Key limitations in the current OPD landscape include:

• Lack of Theoretical Clarity: The relationship between OPD and dense KL-constrained RL is not fully established.
• Fixed Weighting: Standard OPD implicitly fixes the weight between the reward signal (teacher logits) and the KL regularization (reference model) to a 1:1 ratio, limiting flexibility.
• Performance Ceiling: In multi-teacher settings (merging domain experts) or strong-to-weak distillation, standard OPD often struggles to surpass the performance of the best teacher or fully recover the teacher's capabilities without instability.
• Reference Model Rigidity: The choice of the reference model in OPD is often arbitrary or fixed to the student's initial state, potentially introducing noise in strong-to-weak scenarios.
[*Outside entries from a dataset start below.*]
lemma pd2_torus_rotation:
  assumes "\<And>t. (u has_vector_derivative u' t) (at t)" and "\<And>t. (v has_vector_derivative v' t) (at t)"
  shows "pd2 (\<lambda>a b. torus_rotation a (u b, v b)) = (\<lambda>a b. torus_rotation a (u' b, v' b))"
proof (intro ext)
  fix a b
  have "((\<lambda>t. torus_rotation a (u t, v t)) has_vector_derivative torus_rotation a (u' b, v' b)) (at b)"
    unfolding torus_rotation_def fst_conv snd_conv
    by (intro has_vector_derivative_Pair has_vector_derivative_mult_left assms)
  then show "pd2 (\<lambda>a b. torus_rotation a (u b, v b)) a b = torus_rotation a (u' b, v' b)"
    unfolding pd2_def by (rule vector_derivative_at)
qed

lemma norm_mean_curv_torus_rotation:
  assumes c: "\<And>t. (c has_vector_derivative c' t) (at t)"
    and c': "\<And>t. (c' has_vector_derivative c'' t) (at t)"
    and "c b \<noteq> 0" and "c' b \<noteq> 0"
  shows "sqrt 2 * norm (mean_curv_vec (\<lambda>a b. torus_rotation a (c b, c b)) a b) =
    \<bar>Im (cnj (c' b) * c'' b) / (cmod (c' b))^3 + Im (cnj (c b) * c' b) / ((cmod (c b))^2 * cmod (c' b))\<bar>"
proof -
  have ic: "\<And>t. ((\<lambda>t. \<i> * c t) has_vector_derivative \<i> * c' t) (at t)"
    and mic: "\<And>t. ((\<lambda>t. - \<i> * c t) has_vector_derivative - \<i> * c' t) (at t)"
    by (intro has_vector_derivative_mult_right c)+
  let ?T = "torus_rotation a"
  have "mean_curv_vec (\<lambda>a b. torus_rotation a (c b, c b)) a b =
      mean_curv_frame (?T (\<i> * c b, - (\<i> * c b))) (?T (c' b, c' b)) (?T (- c b, - c b))
        (?T (\<i> * c' b, - \<i> * c' b)) (?T (c'' b, c'' b))"
    unfolding mean_curv_vec_eq_frame pd1_torus_rotation pd2_torus_rotation[OF c c]
      pd2_torus_rotation[OF ic mic] pd2_torus_rotation[OF c' c']
    by simp
  also have "\<dots> = ?T (mean_curv_frame (\<i> * c b, - (\<i> * c b)) (c' b, c' b) (- c b, - c b)
        (\<i> * c' b, - \<i> * c' b) (c'' b, c'' b))"
    by (rule mean_curv_frame_isometry[OF linear_torus_rotation inner_torus_rotation])
  finally have "sqrt 2 * norm (mean_curv_vec (\<lambda>a b. torus_rotation a (c b, c b)) a b) =
      \<bar>Im (cnj (c' b) * - c b) / ((cmod (\<i> * c b))^2 * cmod (c' b)) + Im (cnj (c' b) * c'' b) / (cmod (c' b))^3\<bar>"
    using assms(3,4) by (simp add: norm_torus_rotation norm_mean_curv_frame_antidiagonal)
  then show ?thesis by (simp add: norm_mult algebra_simps)
qed

text \<open>The right-hand side is \<open>|\<kappa> + \<theta>\<^sub>s|\<close>: the signed curvature of \<open>\<gamma>\<close> plus its angular
  speed with respect to arclength.\<close>

lemma norm_mean_curv_twisted_curve:
  fixes \<gamma> :: "real \<Rightarrow> complex"
  assumes \<gamma>: "\<And>t. (\<gamma> has_vector_derivative \<gamma>' t) (at t)"
    and \<gamma>': "\<And>t. (\<gamma>' has_vector_derivative \<gamma>'' t) (at t)"
    and nz: "\<gamma> b \<noteq> 0" "\<gamma>' b \<noteq> 0"
  shows "norm (mean_curv_vec (\<lambda>a b. torus_rotation a (\<gamma> b / sqrt 2, \<gamma> b / sqrt 2)) a b) =
    \<bar>Im (cnj (\<gamma>' b) * \<gamma>'' b) / (cmod (\<gamma>' b))^3
      + Im (cnj (\<gamma> b) * \<gamma>' b) / ((cmod (\<gamma> b))^2 * cmod (\<gamma>' b))\<bar>"
    (is "?H = \<bar>?\<kappa> + ?\<theta>\<bar>")
proof -
  let ?s = "complex_of_real (sqrt 2)"
  have Im_scaled: "Im (cnj (z / ?s) * (w / ?s)) = Im (cnj z * w) / 2" for z w
    by (simp add: power2_eq_square)
  have norm_scaled: "cmod (z / ?s) = cmod z / sqrt 2" for z
    by (simp add: norm_divide)
  have "sqrt 2 * ?H =
      \<bar>Im (cnj (\<gamma>' b / ?s) * (\<gamma>'' b / ?s)) / (cmod (\<gamma>' b / ?s))^3
        + Im (cnj (\<gamma> b / ?s) * (\<gamma>' b / ?s)) / ((cmod (\<gamma> b / ?s))^2 * cmod (\<gamma>' b / ?s))\<bar>"
    using nz by (intro norm_mean_curv_torus_rotation has_vector_derivative_divide \<gamma> \<gamma>') simp_all
  also have "\<dots> = \<bar>sqrt 2 * (?\<kappa> + ?\<theta>)\<bar>"
    unfolding Im_scaled norm_scaled using nz
    by (intro arg_cong[where f = abs]) (simp add: field_simps power2_eq_square power3_eq_cube)
  finally show ?thesis by (simp add: abs_mult)
qed

lemma has_vector_derivative_rotating:
  assumes "(x has_real_derivative x') (at t)" and "(y has_real_derivative y') (at t)"
    and "(\<theta> has_real_derivative \<theta>') (at t)"
  shows "((\<lambda>t. (complex_of_real (x t) + \<i> * complex_of_real (y t)) * cis (\<theta> t)) has_vector_derivative
      (complex_of_real (x' - y t * \<theta>') + \<i> * complex_of_real (y' + x t * \<theta>')) * cis (\<theta> t)) (at t)"
proof -
  have "((\<lambda>t. complex_of_real (x t) + \<i> * complex_of_real (y t)) has_vector_derivative
      complex_of_real x' + \<i> * complex_of_real y') (at t)"
    by (intro has_vector_derivative_add has_vector_derivative_mult_right has_vector_derivative_of_real assms)
  from has_vector_derivative_mult[OF this has_vector_derivative_cis[OF assms(3)]] show ?thesis
    by (rule has_vector_derivative_eq_rhs) (simp add: algebra_simps)
qed

lemma Im_cnj_rotating:
  "Im (cnj ((complex_of_real x + \<i> * complex_of_real y) * cis \<theta>)
        * ((complex_of_real u + \<i> * complex_of_real v) * cis \<theta>)) = x * v - y * u"
proof -
  have rearrange: "cnj (z * c) * (w * c) = cnj z * w * (c * cnj c)" for z w c :: complex
    by (simp add: ac_simps)
  have unit: "cis \<theta> * cnj (cis \<theta>) = 1"
    by (simp flip: complex_norm_square)
  have rot: "cnj (z * cis \<theta>) * (w * cis \<theta>) = cnj z * w" for z w
    unfolding rearrange unit by (rule mult_1_right)
  show ?thesis unfolding rot by simp
qed

lemma norm_rotating:
  "cmod ((complex_of_real x + \<i> * complex_of_real y) * cis \<theta>) = sqrt (x^2 + y^2)"
  by (simp only: norm_mult norm_cis) (simp add: cmod_def)

lemma twisted_F_eq_torus_rotation:
  assumes "\<gamma> = (\<lambda>t. complex_of_real (\<rho> t) * cis (f t))"
  shows "twisted_F \<rho> f = (\<lambda>a b. torus_rotation a (\<gamma> b / sqrt 2, \<gamma> b / sqrt 2))"
proof (intro ext)
  fix a b
  have "exp (\<i> * complex_of_real (f b + a)) = cis (f b) * cis a"
    and "exp (\<i> * complex_of_real (f b - a)) = cis (f b) * cis (- a)"
    by (simp_all only: cis_mult cis_conv_exp[symmetric] diff_conv_add_uminus)
  then show "twisted_F \<rho> f a b = torus_rotation a (\<gamma> b / sqrt 2, \<gamma> b / sqrt 2)"
    unfolding twisted_F_def torus_rotation_def assms by simp
qed

lemma floor_period_mem:
  fixes p x :: real
  assumes "p > 0"
  shows "x - of_int \<lfloor>x / p\<rfloor> * p \<in> {0..<p}"
proof -
  have "x - of_int \<lfloor>x / p\<rfloor> * p = frac (x / p) * p"
    using assms by (simp add: frac_def algebra_simps)
  then show ?thesis
    using assms frac_ge_0[of "x / p"] frac_lt_1[of "x / p"] by simp
qed

lemma range_periodic:
  fixes g :: "real \<Rightarrow> 'a"
  assumes "p > 0" and "\<And>x. g (x + p) = g x"
  shows "range g = g ` {0..<p}"
proof -
  interpret periodic_fun_simple g p by standard (rule assms(2))
  have "g x \<in> g ` {0..<p}" for x
    using minus_of_int[of x "\<lfloor>x / p\<rfloor>"] floor_period_mem[OF assms(1), of x]
    by (metis rev_image_eqI)
  then show ?thesis by blast
qed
2. Methodology: Generalized On-Policy Distillation (G-OPD)

The authors propose G-OPD, a framework that theoretically unifies OPD with dense RL and introduces two key generalizations: a flexible reference model and a reward scaling factor.

Theoretical Foundation

The authors derive that standard OPD is a special case of dense KL-constrained RL where:

1. The reward function is the log-ratio of the teacher to a reference model: $r(x, y) = \log \frac{\pi^*(y|x)}{\pi_{ref}(y|x)}$.
2. The reward term and KL regularization are weighted equally ($\beta = 1$).
3. The reference model $\pi_{ref}$ can be any model, not just the policy's starting checkpoint.

The G-OPD Objective

To generalize OPD, the authors introduce a reward scaling factor ($\lambda$) and a flexible reference model ($\pi_{ref}$). The objective function is formulated as:

$$J_{G-OPD}(\theta) = \max_{\theta} \mathbb{E}_{x \sim D, y \sim \pi_\theta} \left[ \lambda \log \frac{\pi^*(y|x)}{\pi_{ref}(y|x)} - D_{KL}(\pi_\theta(y|x) \parallel \pi_{ref}(y|x)) \right]$$

Where:

• $\pi^*$: The teacher policy.
• $\pi_\theta$: The student policy being optimized.
• $\pi_{ref}$: A flexible reference model.
• $\lambda$: A hyperparameter controlling the relative weight of the reward term against the KL regularization.

Key Variants & Insights

1. Reward Extrapolation (ExOPD, $\lambda > 1$):

   • When $\lambda > 1$, the student is encouraged to fit an "extra shift term" beyond the teacher's log-probabilities.
   • Hypothesis: This allows the student to learn beyond the teacher's capability boundary, potentially surpassing the teacher in specific domains.
   • Application: Particularly effective in Multi-Teacher Distillation, where a unified student is trained to merge knowledge from multiple domain-specific RL experts.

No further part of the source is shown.